Perspektif Mubadalah mengingatkan kita bahwa setiap relasi, termasuk pernikahan, harus berbasis kemitraan yang adil dan saling menumbuhkan. Karena itu, kita perlu membongkar mental model keliru di balik ungkapan populer tersebut. Berikut lima alasan, mengapa ungkapan “lebih baik nikah daripada zina” bisa membentuk mental model yang keliru dan bisa berdampak buruk bagi relasi perkawinan dan kehidupan berumah tangga.
-
Nikah Bukan Sekadar Seks, Tapi Relasi yang Bertanggung Jawab
Ungkapan “lebih baik nikah daripada zina” mereduksi makna pernikahan seolah hanya soal seks yang halal. Padahal, pernikahan adalah komitmen membangun rumah tangga, kemitraan, dan kehidupan bersama yang sehat. Seks halal memang penting dan bisa menjadi pemantik, tetapi porsinya sangat singkat dibanding waktu panjang kebersamaan suami-istri yang kita isi dengan relasi fisik dan psikis.
Dalam perspektif Mubadalah, pernikahan adalah ikatan amanah yang menghadirkan keadilan, kasih sayang, dan perlindungan. Jika menikah hanya untuk melampiaskan hasrat atau menghindari dosa, tanggung jawab membangun relasi bisa terabaikan, dan lahirlah pernikahan yang rapuh, toksik, bahkan saling menyakiti.
Dengan kata lain, nikah dan zina berada di ranah berbeda. Zina hanyalah tindakan seksual sesaat, sedangkan nikah adalah proyek kemanusiaan yang besar. Nikah adalah ibadah sepanjang hidup, bukan sekadar pelampiasan sesaat.
-
Nikah Bukan Pelarian dari Zina
Banyak orang menikah dengan mentalitas pelarian: “Daripada jatuh ke zina, mending nikah saja.” Pola pikir ini menggeser tujuan pernikahan dari membangun kemitraan menjadi sekadar menutup lubang dosa.
Padahal, pernikahan yang lahir dari ketakutan semata, tanpa kesiapan berelasi, justru rentan melahirkan masalah baru: pertengkaran, penelantaran emosional, bahkan kekerasan dalam rumah tangga. Perspektif Mubadalah menegaskan, pernikahan harus diawali dengan kesiapan relasi sehat, bukan sekadar ketakutan pada zina.

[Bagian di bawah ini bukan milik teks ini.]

lemma PiM_distr_eq_distr_zip:
  assumes fin: "finite I" and PA: "prob_space A" and PB: "prob_space B"
    and phim: "phi \<in> measurable (A \<Otimes>\<^sub>M B) N"
  shows "PiM I (\<lambda>_. distr (A \<Otimes>\<^sub>M B) N phi)
       = distr (PiM I (\<lambda>_. A) \<Otimes>\<^sub>M PiM I (\<lambda>_. B)) (PiM I (\<lambda>_. N)) (\<lambda>(f,g). \<lambda>i\<in>I. phi (f i, g i))"
proof -
  define \<nu> where "\<nu> = distr (A \<Otimes>\<^sub>M B) N phi"
  have PAB: "prob_space (A \<Otimes>\<^sub>M B)" by (intro prob_space_pair PA PB)
  have PN: "prob_space \<nu>" unfolding \<nu>_def by (rule prob_space.prob_space_distr[OF PAB phim])
  have sN: "sets \<nu> = sets N" unfolding \<nu>_def by simp
  have phim': "phi \<in> measurable (A \<Otimes>\<^sub>M B) \<nu>" using phim measurable_cong_sets[OF refl sN] by blast
  have nn: "distr (A \<Otimes>\<^sub>M B) \<nu> phi = \<nu>" unfolding \<nu>_def by (intro distr_cong) auto
  have "PiM I (\<lambda>_. \<nu>) = PiM I (\<lambda>_. distr (A \<Otimes>\<^sub>M B) \<nu> phi)" by (simp add: nn)
  also have "\<dots> = distr (PiM I (\<lambda>_. A \<Otimes>\<^sub>M B)) (PiM I (\<lambda>_. \<nu>)) (compose I phi)"
    using fin PAB phim' PN by (intro distr_PiM_finite_prob_space'[symmetric]) auto
  also have "\<dots> = distr (distr (PiM I (\<lambda>_. A) \<Otimes>\<^sub>M PiM I (\<lambda>_. B)) (PiM I (\<lambda>_. A \<Otimes>\<^sub>M B)) (\<lambda>(f,g). \<lambda>i\<in>I. (f i, g i)))
                  (PiM I (\<lambda>_. \<nu>)) (compose I phi)"
    by (subst distr_zip_PiM[OF fin PA PB]) simp
  also have "\<dots> = distr (PiM I (\<lambda>_. A) \<Otimes>\<^sub>M PiM I (\<lambda>_. B)) (PiM I (\<lambda>_. \<nu>)) (compose I phi \<circ> (\<lambda>(f,g). \<lambda>i\<in>I. (f i, g i)))"
  proof (rule distr_distr)
    show "compose I phi \<in> measurable (PiM I (\<lambda>_. A \<Otimes>\<^sub>M B)) (PiM I (\<lambda>_. \<nu>))"
      unfolding compose_def using phim' by measurable
    show "(\<lambda>(f,g). \<lambda>i\<in>I. (f i, g i)) \<in> measurable (PiM I (\<lambda>_. A) \<Otimes>\<^sub>M PiM I (\<lambda>_. B)) (PiM I (\<lambda>_. A \<Otimes>\<^sub>M B))"
      by measurable
  qed
  also have "\<dots> = distr (PiM I (\<lambda>_. A) \<Otimes>\<^sub>M PiM I (\<lambda>_. B)) (PiM I (\<lambda>_. N)) (\<lambda>(f,g). \<lambda>i\<in>I. phi (f i, g i))"
    using sN by (intro distr_cong sets_PiM_cong) (auto simp: compose_def)
  finally show ?thesis unfolding \<nu>_def .
qed

abbreviation unif01 :: "real measure" where
  "unif01 \<equiv> uniform_measure lborel {0..1}"

lemma prob_space_unif01: "prob_space unif01"
  by (intro prob_space_uniform_measure) auto

definition coin_prob :: "real \<Rightarrow> real set \<Rightarrow> real" where
  "coin_prob p b = (if 1 \<in> b then p else 0) + (if 0 \<in> b then 1 - p else 0)"

lemma emeasure_unif01_coin:
  assumes "0 \<le> p" "p \<le> 1"
  shows "emeasure unif01 {u. (if u \<le> p then 1 else 0 :: real) \<in> b} = ennreal (coin_prob p b)"
proof -
  have unif: "emeasure unif01 B = emeasure lborel ({0..1} \<inter> B)" if "B \<in> sets borel" for B
    using that by (subst emeasure_uniform_measure) (auto simp: divide_ennreal_def)
  consider "1 \<in> b" "0 \<in> b" | "1 \<in> b" "0 \<notin> b" | "1 \<notin> b" "0 \<in> b" | "1 \<notin> b" "0 \<notin> b"
    by blast
  then show ?thesis
  proof cases
    case 1
    then have "{u. (if u \<le> p then 1 else 0 :: real) \<in> b} = UNIV" by auto
    with 1 show ?thesis by (simp add: unif coin_prob_def divide_ennreal_def)
  next
    case 2
    then have "{0..1} \<inter> {u. (if u \<le> p then 1 else 0 :: real) \<in> b} = {0..p}" using assms by auto
    with 2 assms show ?thesis by (simp add: unif coin_prob_def divide_ennreal_def)
  next
    case 3
    then have "{0..1} \<inter> {u. (if u \<le> p then 1 else 0 :: real) \<in> b} = {p<..1}" using assms by auto
    with 3 assms show ?thesis by (simp add: unif coin_prob_def divide_ennreal_def)
  next
    case 4
    then have "{u. (if u \<le> p then 1 else 0 :: real) \<in> b} = {}" by auto
    with 4 show ?thesis by (simp add: coin_prob_def)
  qed
qed

definition coupled_response_law :: "'x measure \<Rightarrow> 'x measure \<Rightarrow> ('x \<Rightarrow> real) \<Rightarrow> ('x \<times> real) measure" where
  "coupled_response_law MX \<nu>X q =
     distr (\<nu>X \<Otimes>\<^sub>M unif01) (MX \<Otimes>\<^sub>M borel) (\<lambda>(x, u). (x, if u \<le> q x then 1 else 0))"

lemma sets_coupled_response_law [simp]: "sets (coupled_response_law MX \<nu>X q) = sets (MX \<Otimes>\<^sub>M borel)"
  unfolding coupled_response_law_def by simp

lemma prob_space_coupled_response_law:
  assumes "prob_space \<nu>X" "sets \<nu>X = sets MX" "q \<in> borel_measurable MX"
  shows "prob_space (coupled_response_law MX \<nu>X q)"
proof -
  have "(\<lambda>(x, u). (x, if u \<le> q x then 1 else 0 :: real)) \<in> measurable (\<nu>X \<Otimes>\<^sub>M unif01) (MX \<Otimes>\<^sub>M borel)"
    using assms(2,3) by measurable
  then show ?thesis
    unfolding coupled_response_law_def using assms(1) prob_space_unif01
    by (intro prob_space.prob_space_distr prob_space_pair)
qed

Jika seseorang menikah hanya untuk menghindari zina tanpa kesiapan relasi, pernikahan itu hanya memindahkan masalah, bukan menyelesaikannya. Ia mungkin terhindar dari zina yang haram, tetapi terjebak dalam relasi yang menyakiti dan melahirkan berbagai keburukan.

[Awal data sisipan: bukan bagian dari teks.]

lemma computes_append:
  assumes "computes N p A" and "computes N q B"
  shows "computes N (p @ q) (matmul N A B)"
  unfolding computes_def
proof (intro allI impI)
  fix u j assume "j < N"
  then have "exec (p @ q) u j = vecmat N (exec p u) B j"
    using assms(2) by (simp add: computes_def)
  also have "vecmat N (exec p u) B = vecmat N (vecmat N u A) B"
    using assms(1) by (intro vecmat_cong) (simp add: computes_def)
  finally show "exec (p @ q) u j = vecmat N u (matmul N A B) j"
    by (simp only: vecmat_matmul)
qed

lemma computes_foldl_matmul:
  assumes "computes N p M" and "\<forall>i \<in> set xs. computes N [g i] (F i)"
  shows "computes N (p @ map g xs) (foldl (\<lambda>M i. matmul N M (F i)) M xs)"
  using assms
proof (induction xs arbitrary: p M)
  case Nil
  then show ?case by simp
next
  case (Cons x xs)
  have "computes N (p @ [g x]) (matmul N M (F x))"
    using Cons.prems by (intro computes_append) auto
  then show ?case
    using Cons.IH[of "p @ [g x]"] Cons.prems(2) by simp
qed

lemma computes_matprod:
  assumes "\<forall>i \<in> I. computes N [g i] (F i)" and "finite I"
  shows "computes N (map g (sorted_list_of_set I)) (matprod N F I)"
  using computes_foldl_matmul[OF computes_Nil, of "sorted_list_of_set I" N g F] assms
  by (simp add: matprod_def)

lemma computes_Swap_Smat:
  assumes "1 \<le> i" and "i < N"
  shows "computes N [Swap (i - 1) i] (Smat N i)"
  unfolding computes_def
proof (intro allI impI)
  fix u j assume j: "j < N"
  define r where "r = (if j = i then i - 1 else if j = i - 1 then i else j)"
  have "r < N" using assms j by (auto simp: r_def)
  have "vecmat N u (Smat N i) j = (\<Sum>k<N. if k = r then u k else 0)"
    unfolding vecmat_def using assms j by (intro sum.cong) (auto simp: Smat_def r_def)
  also have "\<dots> = u r"
    using \<open>r < N\<close> by simp
  finally show "exec [Swap (i - 1) i] u j = vecmat N u (Smat N i) j"
    using assms by (auto simp: r_def)
qed

lemma computes_Xor_Amat:
  assumes "1 \<le> i" and "i < N"
  shows "computes N [Xor (i - 1) i] (Amat N i)"
  unfolding computes_def
proof (intro allI impI)
  fix u j assume j: "j < N"
  have "vecmat N u (Amat N i) j
      = (\<Sum>k<N. (if k = j then u k else 0) + (if k = i \<and> j = i - 1 then u k else 0))"
    unfolding vecmat_def using assms j by (intro sum.cong) (auto simp: Amat_def)
  also have "\<dots> = u j + (if j = i - 1 then u i else 0)"
    using assms j by (simp add: sum.distrib del: add_bit_eq_xor)
  finally show "exec [Xor (i - 1) i] u j = vecmat N u (Amat N i) j"
    using assms by auto
qed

Menyakiti adalah haram, dan menimbulkan keburukan juga haram. Menghindari satu keharaman tidak bisa dengan cara yang berpotensi melahirkan keharaman lain. Dalam kaidah Mubadalah: keburukan zina tidak bisa dihindari dengan membangun pernikahan yang toksik, jahat, dan menyakitkan. Karena berbuat jahat, dengan atau dalam pernikahan, adalah juga haram dalam pandangan semua ulama.
-
Zina Adalah Lemahnya Disiplin Diri, Sementara Nikah Menuntut Disiplin Relasi
Menyamakan nikah sebagai solusi anti-zina membuat kita lupa bahwa sumber masalah zina adalah lemahnya pengendalian diri. Zina lahir dari nafsu yang tak terkelola, bukan dari status pernikahan. Orang yang lemah dalam disiplin seksual tetap bisa berzina, sekalipun sudah menikah.
Sebaliknya, pernikahan bukan sekadar soal seks halal, melainkan soal disiplin berelasi: belajar memahami pasangan, mengelola konflik, menjaga komitmen, dan memenuhi hak satu sama lain. Dalam relasi yang sehat dan membahagiakan inilah, hubungan intim suami-istri, seperti disampaikan Nabi Saw, menjadi berpahala.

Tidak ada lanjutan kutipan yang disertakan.